In the 2008 pre-race ceremony, crew members and Mdr. Benjamin Pearson, commanding officer of the ballistic missile submarine USS Kentucky, walked this wreath of roses to the track. The Derby is frequently referred to as "The Run for the Roses." The tradition of roses allegedly originated in 1883 when a New York socialite presented roses to female guests at a post-Derby party attended by the founder of Churchill Downs.
Hats are Part of the Tradition for Ladies on Derby Day
Churchill Downs is a Mecca for fancy hats on Derby Day, when ladies don their finest headwear for the day. There's no doubt that shops have a flurry of activity prior to the big day. Most men also wear a far more formal look than for other sporting events. Stylish ticket-holders usually enjoy the race's signature cocktail, Kentucky's own mint julep, the recipe of which is here.
While the grandstand is all about fancy hats and three-piece suits, the infield at Churchill Downs becomes one giant tailgate party. With an anything goes attitude, the revelries here are thought to rival those of Mardi Gras. If you're watching the derby with kids, there's an infield section geared toward families as well.

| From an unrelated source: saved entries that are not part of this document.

lemma forward_bound:
  assumes r: "r < 1/4" and x: "dist x0 x < r" and t: "t0 \<le> t" "t < t0 + r\<^sup>2"
  shows "u x t \<le> forward_constant \<theta> L \<beta> CARD('n) * (\<epsilon>\<^sup>2 + r\<^sup>2) powr (\<beta> / 2)"
proof -
  define c where "c = 2 * real CARD('n) + 1"
  define k where "k = 4 * (\<theta> powr (1 / \<beta>) + L) + 1"
  define \<alpha> where "\<alpha> = \<epsilon>\<^sup>2 - c * t0"
  have "0 < c" by (simp add: c_def)
  have "0 \<le> r" using x zero_le_dist[of x0 x] by linarith
  have "x \<in> cball x0 (1/4)" "t \<in> {t0..t0 + r\<^sup>2}" using x t r by auto
  hence "u x t < power_barrier (k powr \<beta>) \<beta> \<alpha> x0 x t"
    using forward_comparison[OF \<open>0 \<le> r\<close> r] by (simp add: k_def \<alpha>_def c_def)
  also have "\<dots> \<le> k powr \<beta> * ((c + 1) * (\<epsilon>\<^sup>2 + r\<^sup>2)) powr (\<beta> / 2)"
  proof -
    have "(norm (x - x0))\<^sup>2 \<le> r\<^sup>2"
      using x by (intro power_mono) (auto simp: dist_norm norm_minus_commute)
    moreover have "c * t - c * t0 \<le> c * r\<^sup>2"
      using t \<open>0 < c\<close> mult_left_mono[of "t - t0" "r\<^sup>2" c] by (simp add: algebra_simps)
    moreover have "0 \<le> c * \<epsilon>\<^sup>2" using \<open>0 < c\<close> by simp
    moreover have "(c + 1) * (\<epsilon>\<^sup>2 + r\<^sup>2) = c * \<epsilon>\<^sup>2 + c * r\<^sup>2 + \<epsilon>\<^sup>2 + r\<^sup>2"
      by (simp add: algebra_simps)
    ultimately have le: "\<alpha> + c * t + (norm (x - x0))\<^sup>2 \<le> (c + 1) * (\<epsilon>\<^sup>2 + r\<^sup>2)"
      unfolding \<alpha>_def by linarith
    have "c * t0 \<le> c * t" using t \<open>0 < c\<close> by simp
    hence "0 \<le> \<alpha> + c * t + (norm (x - x0))\<^sup>2"
      unfolding \<alpha>_def using zero_le_power2[of \<epsilon>] zero_le_power2[of "norm (x - x0)"] by linarith
    thus ?thesis
      using le beta_bounds unfolding power_barrier_def c_def[symmetric]
      by (intro mult_left_mono powr_mono2) auto
  qed
  also have "\<dots> = forward_constant \<theta> L \<beta> CARD('n) * (\<epsilon>\<^sup>2 + r\<^sup>2) powr (\<beta> / 2)"
    using \<open>0 < c\<close> by (simp add: forward_constant_def k_def c_def powr_mult add.commute)
  finally show ?thesis by simp
qed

The Kentucky Derby is also called The Race for the Roses, and here's why . . . the winning horse is draped with a lush blanket of 554 roses to celebrate the win. This wonderful photogenic (and fragrant) component of the race has helped its renown.
If you can't make the big event, you can still get a taste of Kentucky Derby heritage with a visit to the Kentucky Derby Museum at the Churchill Downs. Learn all about the history of the race, admire the gallery of derby fashion and experience the trill of the race on a derby simulator.